July 19th, 2011 | 3:22 am | #9
The problem with absurd hypotheticals such as this one is that the power of their claim is contingent on such an event occurring in the real world. If an argument trying to point out the real world implications of a bad moral philosophy uses implications that rarely, if ever, happen, then the argument loses its power. Utilitarianism can be defeated on the grounds that it is question-begging, not that it sets up outrageous moral decisions that never actually happen.
In effect, the person advancing the hypothetical is saying, “This is why utilitarianism is bad! If this happened, then the loss of life and the degredation of life would be catastrophic!” But, if such a situation doesn’t happen, then the argument loses its force. The point of a situational analysis such as the Room 306 scenario is to show what how principles play out in the real world, not abstractly.
July 19th, 2011 | 3:57 am | #10
Nikolai,
The purpose of the absurd hypothetical is to isolate the moral principles to test their truth. Hypothetical or not, truth does not becomes any less true when applied to the real world. I’m sure there are plenty of other arguments that may be even better than the absurd hypothetical, but I think that the hypothetical A. Isn’t absurd B. Has it’s own validity. It doesn’t matter if the event NEVER happens, the fact remains that the event IS POSSIBLE and therefore regards actuality in truth.
If this event were to happen, which is could, it would mean that utilitarianism is false. Therefore, in actual events in real life, utilitarianism is a false and flawed worldview because it cannot address problems that could occur.
I understand that it is less compelling to the average Joe the plumber, but I think that in an intellectual sense, the Room 306 scenario disproves Utilitarianism regardless of the likelihood of the event.
Truth is truth, regardless of it’s “force”. Truth remains to be true regardless of how compelling it is.
July 19th, 2011 | 6:34 pm | #11
“Hypothetical or not, truth does not becomes any less true when applied to the real world.”
My point is that outrageous hypotheticals don’t happen in the real world. I’m not against using examples to try to outline a philosophical problem, but if the hypothetical is absurd then it fails to give real life ground (the whole point of an example) to the issue being addressed.
“If this event were to happen, which is could, it would mean that utilitarianism is false.”
Even though I think utilitarianism is utterly false, I don’t think I can logically accept that proposition. One example does not prove an entire philosophy wrong. One example is usually indicative of a larger series of problems; the example itself does not condemn the entire philosophy.
July 25th, 2011 | 3:06 pm | #12
“It seems that his argument could be summarized like this:
[1] Good and evil depend on the experience of conscious minds.

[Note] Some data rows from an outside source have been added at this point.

lemma second_difference_mvt:
  assumes F: "smooth_jet F" and "x > 0" "y > 0"
  obtains \<xi> \<eta> where "0 < \<xi>" "\<xi> < x" "0 < \<eta>" "\<eta> < y"
    "F (jshift a x (jshift b y p)) - F (jshift a x p) - F (jshift b y p) + F p
       = x * y * pdc b (pdc a F) (jshift b \<eta> (jshift a \<xi> p))"
proof -
  define \<Phi> where "\<Phi> u = F (jshift a u (jshift b y p)) - F (jshift a u p)" for u
  have "(\<Phi> has_real_derivative (pdc a F (jshift a u (jshift b y p)) - pdc a F (jshift a u p))) (at u)" for u
    unfolding \<Phi>_def
    by (intro DERIV_diff has_real_derivative_pdc_at smooth_jet_imp_jet_differentiable F)
  from MVT2[OF \<open>x > 0\<close> this] obtain \<xi> where \<xi>: "0 < \<xi>" "\<xi> < x"
    and e1: "\<Phi> x - \<Phi> 0 = (x - 0) * (pdc a F (jshift a \<xi> (jshift b y p)) - pdc a F (jshift a \<xi> p))"
    by blast
  define \<Psi> where "\<Psi> v = pdc a F (jshift b v (jshift a \<xi> p))" for v
  have "(\<Psi> has_real_derivative pdc b (pdc a F) (jshift b v (jshift a \<xi> p))) (at v)" for v
    unfolding \<Psi>_def
    by (intro has_real_derivative_pdc_at smooth_jet_imp_jet_differentiable smooth_jet_pdc F)
  from MVT2[OF \<open>y > 0\<close> this] obtain \<eta> where \<eta>: "0 < \<eta>" "\<eta> < y"
    and e2: "\<Psi> y - \<Psi> 0 = (y - 0) * pdc b (pdc a F) (jshift b \<eta> (jshift a \<xi> p))"
    by blast
  have "F (jshift a x (jshift b y p)) - F (jshift a x p) - F (jshift b y p) + F p = \<Phi> x - \<Phi> 0"
    by (simp add: \<Phi>_def)
  also have "\<dots> = x * (\<Psi> y - \<Psi> 0)"
    using e1 by (simp add: \<Psi>_def jshift_commute[of a \<xi> b y])
  also have "\<dots> = x * y * pdc b (pdc a F) (jshift b \<eta> (jshift a \<xi> p))"
    using e2 by simp
  finally show ?thesis
    using \<xi> \<eta> that by blast
qed

lemma smooth_jet_jshift_jshift_near:
  assumes G: "smooth_jet G" and "e > 0"
  obtains d where "d > 0"
    "\<And>\<xi> \<eta>. 0 < \<xi> \<Longrightarrow> \<xi> < d \<Longrightarrow> 0 < \<eta> \<Longrightarrow> \<eta> < d \<Longrightarrow> \<bar>G (jshift b \<eta> (jshift a \<xi> p)) - G p\<bar> < e"
proof -
  have "continuous_on UNIV (\<lambda>u. G (jshift b (snd u) (jshift a (fst u) p)))"
    by (rule continuous_on_compose2[OF smooth_jet_imp_continuous[OF G] continuous_on_jshift_jshift]) auto
  then obtain d where "d > 0"
    and d: "\<And>u. dist u (0, 0) < d \<Longrightarrow> dist (G (jshift b (snd u) (jshift a (fst u) p))) (G p) < e"
    using \<open>e > 0\<close> unfolding continuous_on_iff by (metis UNIV_I jshift_zero fst_conv snd_conv)
  have "\<bar>G (jshift b \<eta> (jshift a \<xi> p)) - G p\<bar> < e" if "0 < \<xi>" "\<xi> < d / 2" "0 < \<eta>" "\<eta> < d / 2" for \<xi> \<eta>
  proof -
    have "dist (\<xi>, \<eta>) (0, 0) \<le> \<bar>\<xi>\<bar> + \<bar>\<eta>\<bar>"
      by (simp add: dist_Pair_Pair dist_real_def sqrt_sum_squares_le_sum_abs)
    then show ?thesis
      using d[of "(\<xi>, \<eta>)"] that by (simp add: dist_real_def)
  qed
  then show ?thesis
    using that[of "d / 2"] \<open>d > 0\<close> by simp
qed

lemma pdc_commute:
  assumes F: "smooth_jet F"
  shows "pdc a (pdc b F) p = pdc b (pdc a F) p"
proof -
  have close: "\<bar>pdc a (pdc b F) p - pdc b (pdc a F) p\<bar> < e" if "e > 0" for e :: real
  proof -
    have "e / 2 > 0"
      using \<open>e > 0\<close> by simp
    obtain d1 where "d1 > 0" and d1: "\<And>\<xi> \<eta>. 0 < \<xi> \<Longrightarrow> \<xi> < d1 \<Longrightarrow> 0 < \<eta> \<Longrightarrow> \<eta> < d1 \<Longrightarrow>
        \<bar>pdc a (pdc b F) (jshift b \<eta> (jshift a \<xi> p)) - pdc a (pdc b F) p\<bar> < e / 2"
      using smooth_jet_jshift_jshift_near[OF smooth_jet_pdc[OF smooth_jet_pdc[OF F]] \<open>e / 2 > 0\<close>] by blast
    obtain d2 where "d2 > 0" and d2: "\<And>\<xi> \<eta>. 0 < \<xi> \<Longrightarrow> \<xi> < d2 \<Longrightarrow> 0 < \<eta> \<Longrightarrow> \<eta> < d2 \<Longrightarrow>
        \<bar>pdc b (pdc a F) (jshift b \<eta> (jshift a \<xi> p)) - pdc b (pdc a F) p\<bar> < e / 2"
      using smooth_jet_jshift_jshift_near[OF smooth_jet_pdc[OF smooth_jet_pdc[OF F]] \<open>e / 2 > 0\<close>] by blast
    define x where "x = min d1 d2"
    have "x > 0"
      using \<open>d1 > 0\<close> \<open>d2 > 0\<close> by (simp add: x_def)
    obtain \<xi> \<eta> where \<xi>\<eta>: "0 < \<xi>" "\<xi> < x" "0 < \<eta>" "\<eta> < x"
      and E1: "F (jshift a x (jshift b x p)) - F (jshift a x p) - F (jshift b x p) + F p
        = x * x * pdc b (pdc a F) (jshift b \<eta> (jshift a \<xi> p))"
      by (rule second_difference_mvt[OF F \<open>x > 0\<close> \<open>x > 0\<close>])
    obtain \<xi>' \<eta>' where \<xi>\<eta>': "0 < \<xi>'" "\<xi>' < x" "0 < \<eta>'" "\<eta>' < x"
      and E2: "F (jshift b x (jshift a x p)) - F (jshift b x p) - F (jshift a x p) + F p
        = x * x * pdc a (pdc b F) (jshift a \<eta>' (jshift b \<xi>' p))"
      by (rule second_difference_mvt[OF F \<open>x > 0\<close> \<open>x > 0\<close>])
    have "x * x * pdc b (pdc a F) (jshift b \<eta> (jshift a \<xi> p))
        = x * x * pdc a (pdc b F) (jshift b \<xi>' (jshift a \<eta>' p))"
      using E1 E2 unfolding jshift_commute[of b x a x] jshift_commute[of a \<eta>' b \<xi>'] by linarith
    then have "pdc b (pdc a F) (jshift b \<eta> (jshift a \<xi> p)) = pdc a (pdc b F) (jshift b \<xi>' (jshift a \<eta>' p))"
      using \<open>x > 0\<close> by simp
    moreover have "\<bar>pdc b (pdc a F) (jshift b \<eta> (jshift a \<xi> p)) - pdc b (pdc a F) p\<bar> < e / 2"
      using d2 \<xi>\<eta> by (simp add: x_def)
    moreover have "\<bar>pdc a (pdc b F) (jshift b \<xi>' (jshift a \<eta>' p)) - pdc a (pdc b F) p\<bar> < e / 2"
      using d1 \<xi>\<eta>' by (simp add: x_def)
    ultimately show ?thesis
      by linarith
  qed
  show ?thesis
  proof (rule ccontr)
    assume "pdc a (pdc b F) p \<noteq> pdc b (pdc a F) p"
    then show False
      using close[of "\<bar>pdc a (pdc b F) p - pdc b (pdc a F) p\<bar>"] by simp
  qed
qed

[2] Conscious minds are natural phenomena.
[3]Therefore, good and evil can be understood through science.”
And the problem with this is that if all morality is is the “experience of conscious minds” then why should I care about it. A “morality” that doesn’t create an obligation to adhere to its precepts isn’t morality. It’s simply some natural hard wiring of our brains that has no authority over me or anyone else. The idea that experiance or evolution or any natural process can explain morality is very mistaken. It doesn’t explain morality, it explains it away. Natural processes create instincts not obligations. I’m as free to ignore this kind of “morality” as I am to ignore any other instinct I choose. That certainly isn’t morality.